• [Exercise description]: Please copy every line below that contains the string "linarith".

━━ Data for analysis ━━

(* Let $X$ be a $d$-uniform simplicial complex, $k\le d$, and $f:X(k)\to[0,1]$ satisfy, for all $t>0$, $\Pr_{X(k)}[f-\mathbb{E}[f]>t]\le up(t)$ and $\Pr_{X(k)}[f-\mathbb{E}[f]<-t]\le low(t)$ for some functions $up,low:\mathbb{R}_+\to[0,1]$. Then the $d$-lift $U_{k,d}f:X(d)\to\mathbb{R}$ satisfies, for all $t>0$, \[\Pr_{X(d)}[U_{k,d}f-\mathbb{E}[f]>t]\le up(\tfrac t2)\left(1-\pi_{low}^{d,k,f}(\tfrac t2)\right)^{-1},\qquad \Pr_{X(d)}[U_{k,d}f-\mathbb{E}[f]<-t]\le low(\tfrac t2)\left(1-\pi_{up}^{d,k,f}(\tfrac t2)\right)^{-1}.\]
   Context: $X$ is a $d$-uniform simplicial complex (downward-closed set family with maximal sets of size $d$, $X(j)$ its faces of size $j$) with a distribution $\pi_d$ on $X(d)$, inducing $\pi_j$ on $X(j)$ by uniform subsampling; probabilities over $X(j)$ are with respect to $\pi_j$. The lift is $U_{k,d}f(s)=\mathbb{E}_{r\subseteq s}[f(r)]$ over uniformly random $k$-subsets $r$ of $s\in X(d)$. Define $\pi_{up}^{d,k,f}(t)=\max_{s\in X(d)}\Pr_{r\subseteq s}[f(r)-\mathbb{E}_{r\subseteq s}[f]>t]$ and $\pi_{low}^{d,k,f}(t)=\max_{s\in X(d)}\Pr_{r\subseteq s}[f(r)-\mathbb{E}_{r\subseteq s}[f]<-t]$, with $r$ a uniformly random $k$-subset of $s$. *)

theory Defs
  imports Complex_Main
begin

text \<open>A d-uniform simplicial complex is given by its top faces Xd (finite sets of
  size d); the complex is their downward closure. p is the distribution pi_d on Xd.\<close>

definition simplicial_dist :: "'a set set \<Rightarrow> nat \<Rightarrow> ('a set \<Rightarrow> real) \<Rightarrow> bool" where
  "simplicial_dist Xd d p \<longleftrightarrow> finite Xd \<and> (\<forall>s\<in>Xd. finite s \<and> card s = d)
     \<and> (\<forall>s\<in>Xd. 0 \<le> p s) \<and> (\<Sum>s\<in>Xd. p s) = 1"

definition faces :: "'a set set \<Rightarrow> nat \<Rightarrow> 'a set set" where
  "faces Xd j = {r. \<exists>s\<in>Xd. r \<subseteq> s \<and> card r = j}"

text \<open>pi_j induced by uniform subsampling: draw s from pi_d, then a uniform j-subset of s.\<close>
definition pi_j :: "'a set set \<Rightarrow> nat \<Rightarrow> ('a set \<Rightarrow> real) \<Rightarrow> nat \<Rightarrow> 'a set \<Rightarrow> real" where
  "pi_j Xd d p j r = (\<Sum>s\<in>{s\<in>Xd. r \<subseteq> s}. p s) / real (d choose j)"

definition prob_faces :: "'a set set \<Rightarrow> nat \<Rightarrow> ('a set \<Rightarrow> real) \<Rightarrow> nat \<Rightarrow> ('a set \<Rightarrow> bool) \<Rightarrow> real" where
  "prob_faces Xd d p j P = (\<Sum>r\<in>{r\<in>faces Xd j. P r}. pi_j Xd d p j r)"

definition expect_faces :: "'a set set \<Rightarrow> nat \<Rightarrow> ('a set \<Rightarrow> real) \<Rightarrow> nat \<Rightarrow> ('a set \<Rightarrow> real) \<Rightarrow> real" where
  "expect_faces Xd d p j f = (\<Sum>r\<in>faces Xd j. pi_j Xd d p j r * f r)"

definition lift :: "nat \<Rightarrow> nat \<Rightarrow> ('a set \<Rightarrow> real) \<Rightarrow> 'a set \<Rightarrow> real" where
  "lift k d f s = (\<Sum>r\<in>{r. r \<subseteq> s \<and> card r = k}. f r) / real (d choose k)"

definition local_prob :: "nat \<Rightarrow> nat \<Rightarrow> 'a set \<Rightarrow> ('a set \<Rightarrow> bool) \<Rightarrow> real" where
  "local_prob k d s P = real (card {r. r \<subseteq> s \<and> card r = k \<and> P r}) / real (d choose k)"

definition pi_up :: "'a set set \<Rightarrow> nat \<Rightarrow> nat \<Rightarrow> ('a set \<Rightarrow> real) \<Rightarrow> real \<Rightarrow> real" where
  "pi_up Xd d k f t = Max ((\<lambda>s. local_prob k d s (\<lambda>r. f r - lift k d f s > t)) ` Xd)"

definition pi_low :: "'a set set \<Rightarrow> nat \<Rightarrow> nat \<Rightarrow> ('a set \<Rightarrow> real) \<Rightarrow> real \<Rightarrow> real" where
  "pi_low Xd d k f t = Max ((\<lambda>s. local_prob k d s (\<lambda>r. f r - lift k d f s < - t)) ` Xd)"

end

theory Submission
  imports Defs
begin

text \<open>If the lift exceeds the mean by more than t on a top face s, then every k-subface r of s
  with f r - E f \<le> t/2 lies more than t/2 below the local average, so a fraction at least
  1 - pi_low(t/2) of the k-subfaces of s have f r - E f > t/2. Sampling a k-face as a uniform
  subface of a pi_d-random top face, the probability of f - E f > t/2 is therefore at least
  (1 - pi_low(t/2)) times the probability that the lift exceeds the mean by more than t.\<close>

lemma finite_faces:
  assumes "simplicial_dist Xd d p"
  shows "finite (faces Xd j)"
proof (rule finite_subset)
  show "faces Xd j \<subseteq> (\<Union>s\<in>Xd. Pow s)" unfolding faces_def by auto
  show "finite (\<Union>s\<in>Xd. Pow s)" using assms unfolding simplicial_dist_def by auto
qed

lemma top_face_eq_superset:
  assumes "simplicial_dist Xd d p" "s \<in> Xd" "s' \<in> Xd" "s \<subseteq> s'"
  shows "s' = s"
  using assms unfolding simplicial_dist_def by (metis card_subset_eq)

lemma faces_top:
  assumes cx: "simplicial_dist Xd d p"
  shows "faces Xd d = Xd"
proof
  show "faces Xd d \<subseteq> Xd"
  proof
    fix r assume "r \<in> faces Xd d"
    then obtain s where s: "s \<in> Xd" "r \<subseteq> s" "card r = d" unfolding faces_def by auto
    with cx have "r = s" unfolding simplicial_dist_def by (metis card_subset_eq)
    with s show "r \<in> Xd" by simp
  qed
  show "Xd \<subseteq> faces Xd d" using cx unfolding faces_def simplicial_dist_def by auto
qed

lemma prob_faces_top:
  assumes cx: "simplicial_dist Xd d p"
  shows "prob_faces Xd d p d Q = (\<Sum>s\<in>{s\<in>Xd. Q s}. p s)"
proof -
  have "pi_j Xd d p d s = p s" if "s \<in> Xd" for s
  proof -
    have "{s'\<in>Xd. s \<subseteq> s'} = {s}"
      using that top_face_eq_superset[OF cx that] by auto
    then show ?thesis unfolding pi_j_def by simp
  qed
  then show ?thesis unfolding prob_faces_def faces_top[OF cx] by simp
qed

lemma prob_faces_eq_sum_local_prob:
  assumes cx: "simplicial_dist Xd d p"
  shows "prob_faces Xd d p k P = (\<Sum>s\<in>Xd. p s * local_prob k d s P)"
proof -
  define F where "F = {r\<in>faces Xd k. P r}"
  have fF: "finite F" using finite_faces[OF cx] unfolding F_def by simp
  have fX: "finite Xd" using cx unfolding simplicial_dist_def by auto
  have subfaces: "{r\<in>F. r \<subseteq> s} = {r. r \<subseteq> s \<and> card r = k \<and> P r}" if "s \<in> Xd" for s
    using that unfolding F_def faces_def by auto
  have "prob_faces Xd d p k P = (\<Sum>r\<in>F. \<Sum>s\<in>{s\<in>Xd. r \<subseteq> s}. p s) / real (d choose k)"
    unfolding prob_faces_def pi_j_def F_def by (simp add: sum_divide_distrib)
  also have "\<dots> = (\<Sum>s\<in>Xd. \<Sum>r\<in>{r\<in>F. r \<subseteq> s}. p s) / real (d choose k)"
    by (simp only: sum.swap_restrict[OF fF fX])
  also have "\<dots> = (\<Sum>s\<in>Xd. p s * local_prob k d s P)"
    unfolding local_prob_def by (simp add: subfaces sum_divide_distrib mult.commute cong: sum.cong)
  finally show ?thesis .
qed

lemma local_prob_nonneg: "0 \<le> local_prob k d s P"
  unfolding local_prob_def by simp

lemma local_prob_complement:
  assumes fs: "finite s" and cs: "card s = d" and kd: "k \<le> d"
    and imp: "\<And>r. \<not> P r \<Longrightarrow> P' r"
  shows "1 - local_prob k d s P' \<le> local_prob k d s P"
proof -
  let ?S = "\<lambda>P. {r. r \<subseteq> s \<and> card r = k \<and> P r}"
  have fin: "finite (?S P)" for P using fs by simp
  have "d choose k = card (?S (\<lambda>_. True))" using n_subsets[OF fs] cs by simp
  also have "\<dots> \<le> card (?S P \<union> ?S P')"
    using imp fin by (intro card_mono) auto
  also have "\<dots> \<le> card (?S P) + card (?S P')" by (rule card_Un_le)
  finally have "real (d choose k) \<le> real (card (?S P)) + real (card (?S P'))" by linarith
  moreover have "real (d choose k) > 0" using kd by simp
  ultimately have "1 \<le> real (card (?S P)) / real (d choose k) + real (card (?S P')) / real (d choose k)"
    by (simp add: add_divide_distrib[symmetric])
  then show ?thesis unfolding local_prob_def by linarith
qed

lemma prob_faces_top_le_divide:
  assumes cx: "simplicial_dist Xd d p"
    and c1: "c < 1"
    and local: "\<And>s. s \<in> Xd \<Longrightarrow> Q s \<Longrightarrow> 1 - c \<le> local_prob k d s P"
  shows "prob_faces Xd d p d Q \<le> prob_faces Xd d p k P / (1 - c)"
proof -
  have fX: "finite Xd" and p0: "\<And>s. s \<in> Xd \<Longrightarrow> 0 \<le> p s"
    using cx unfolding simplicial_dist_def by auto
  have "prob_faces Xd d p d Q * (1 - c) = (\<Sum>s\<in>{s\<in>Xd. Q s}. p s * (1 - c))"
    unfolding prob_faces_top[OF cx] by (simp add: sum_distrib_right)
  also have "\<dots> \<le> (\<Sum>s\<in>{s\<in>Xd. Q s}. p s * local_prob k d s P)"
    using local p0 by (intro sum_mono mult_left_mono) auto
  also have "\<dots> \<le> (\<Sum>s\<in>Xd. p s * local_prob k d s P)"
    using fX by (intro sum_mono2) (auto intro!: mult_nonneg_nonneg p0 local_prob_nonneg)
  also have "\<dots> = prob_faces Xd d p k P"
    by (simp add: prob_faces_eq_sum_local_prob[OF cx])
  finally show ?thesis using c1 by (simp add: field_simps)
qed

lemma lift_upper_tail:
  assumes cx: "simplicial_dist Xd d p" and kd: "k \<le> d"
    and c1: "pi_low Xd d k f (t/2) < 1"
  shows "prob_faces Xd d p d (\<lambda>s. lift k d f s - m > t)
           \<le> prob_faces Xd d p k (\<lambda>r. f r - m > t/2) / (1 - pi_low Xd d k f (t/2))"
proof (rule prob_faces_top_le_divide[OF cx c1])
  fix s assume s: "s \<in> Xd" and Q: "lift k d f s - m > t"
  have "1 - local_prob k d s (\<lambda>r. f r - lift k d f s < - (t/2))
          \<le> local_prob k d s (\<lambda>r. f r - m > t/2)"
    using s cx kd Q unfolding simplicial_dist_def by (intro local_prob_complement) auto
  moreover have "local_prob k d s (\<lambda>r. f r - lift k d f s < - (t/2)) \<le> pi_low Xd d k f (t/2)"
    using s cx unfolding pi_low_def simplicial_dist_def by (intro Max_ge) auto
  ultimately show "1 - pi_low Xd d k f (t/2) \<le> local_prob k d s (\<lambda>r. f r - m > t/2)"
    by linarith
qed

lemma lift_lower_tail:
  assumes cx: "simplicial_dist Xd d p" and kd: "k \<le> d"
    and c1: "pi_up Xd d k f (t/2) < 1"
  shows "prob_faces Xd d p d (\<lambda>s. lift k d f s - m < - t)
           \<le> prob_faces Xd d p k (\<lambda>r. f r - m < - (t/2)) / (1 - pi_up Xd d k f (t/2))"
proof (rule prob_faces_top_le_divide[OF cx c1])
  fix s assume s: "s \<in> Xd" and Q: "lift k d f s - m < - t"
  have "1 - local_prob k d s (\<lambda>r. f r - lift k d f s > t/2)
          \<le> local_prob k d s (\<lambda>r. f r - m < - (t/2))"
    using s cx kd Q unfolding simplicial_dist_def by (intro local_prob_complement) auto
  moreover have "local_prob k d s (\<lambda>r. f r - lift k d f s > t/2) \<le> pi_up Xd d k f (t/2)"
    using s cx unfolding pi_up_def simplicial_dist_def by (intro Max_ge) auto
  ultimately show "1 - pi_up Xd d k f (t/2) \<le> local_prob k d s (\<lambda>r. f r - m < - (t/2))"
    by linarith
qed

theorem mainTheorem10:
  fixes Xd :: "'a set set" and d k :: nat and p f :: "'a set \<Rightarrow> real"
    and up low :: "real \<Rightarrow> real"
  assumes cx: "simplicial_dist Xd d p"
    and kd: "k \<le> d"
    and f01: "\<forall>r\<in>faces Xd k. 0 \<le> f r \<and> f r \<le> 1"
    and up01: "\<forall>t>0. 0 \<le> up t \<and> up t \<le> 1"
    and low01: "\<forall>t>0. 0 \<le> low t \<and> low t \<le> 1"
    and up_tail: "\<forall>t>0. prob_faces Xd d p k
                    (\<lambda>r. f r - expect_faces Xd d p k f > t) \<le> up t"
    and low_tail: "\<forall>t>0. prob_faces Xd d p k
                    (\<lambda>r. f r - expect_faces Xd d p k f < - t) \<le> low t"
  shows "\<forall>t>0.
     (pi_low Xd d k f (t/2) < 1 \<longrightarrow>
        prob_faces Xd d p d (\<lambda>s. lift k d f s - expect_faces Xd d p k f > t)
          \<le> up (t/2) / (1 - pi_low Xd d k f (t/2)))
   \<and> (pi_up Xd d k f (t/2) < 1 \<longrightarrow>
        prob_faces Xd d p d (\<lambda>s. lift k d f s - expect_faces Xd d p k f < - t)
          \<le> low (t/2) / (1 - pi_up Xd d k f (t/2)))"
proof (intro allI impI conjI)
  fix t :: real assume "t > 0"
  then have t2: "t/2 > 0" by simp
  show "prob_faces Xd d p d (\<lambda>s. lift k d f s - expect_faces Xd d p k f > t)
          \<le> up (t/2) / (1 - pi_low Xd d k f (t/2))" if "pi_low Xd d k f (t/2) < 1"
    using lift_upper_tail[OF cx kd that] up_tail t2 that
    by (meson divide_right_mono diff_ge_0_iff_ge less_imp_le order.trans)
  show "prob_faces Xd d p d (\<lambda>s. lift k d f s - expect_faces Xd d p k f < - t)
          \<le> low (t/2) / (1 - pi_up Xd d k f (t/2))" if "pi_up Xd d k f (t/2) < 1"
    using lift_lower_tail[OF cx kd that] low_tail t2 that
    by (meson divide_right_mono diff_ge_0_iff_ge less_imp_le order.trans)
qed

end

━━━

• [Solution to this problem]:
  finally have "real (d choose k) \<le> real (card (?S P)) + real (card (?S P'))" by linarith
  then show ?thesis unfolding local_prob_def by linarith
    by linarith
    by linarith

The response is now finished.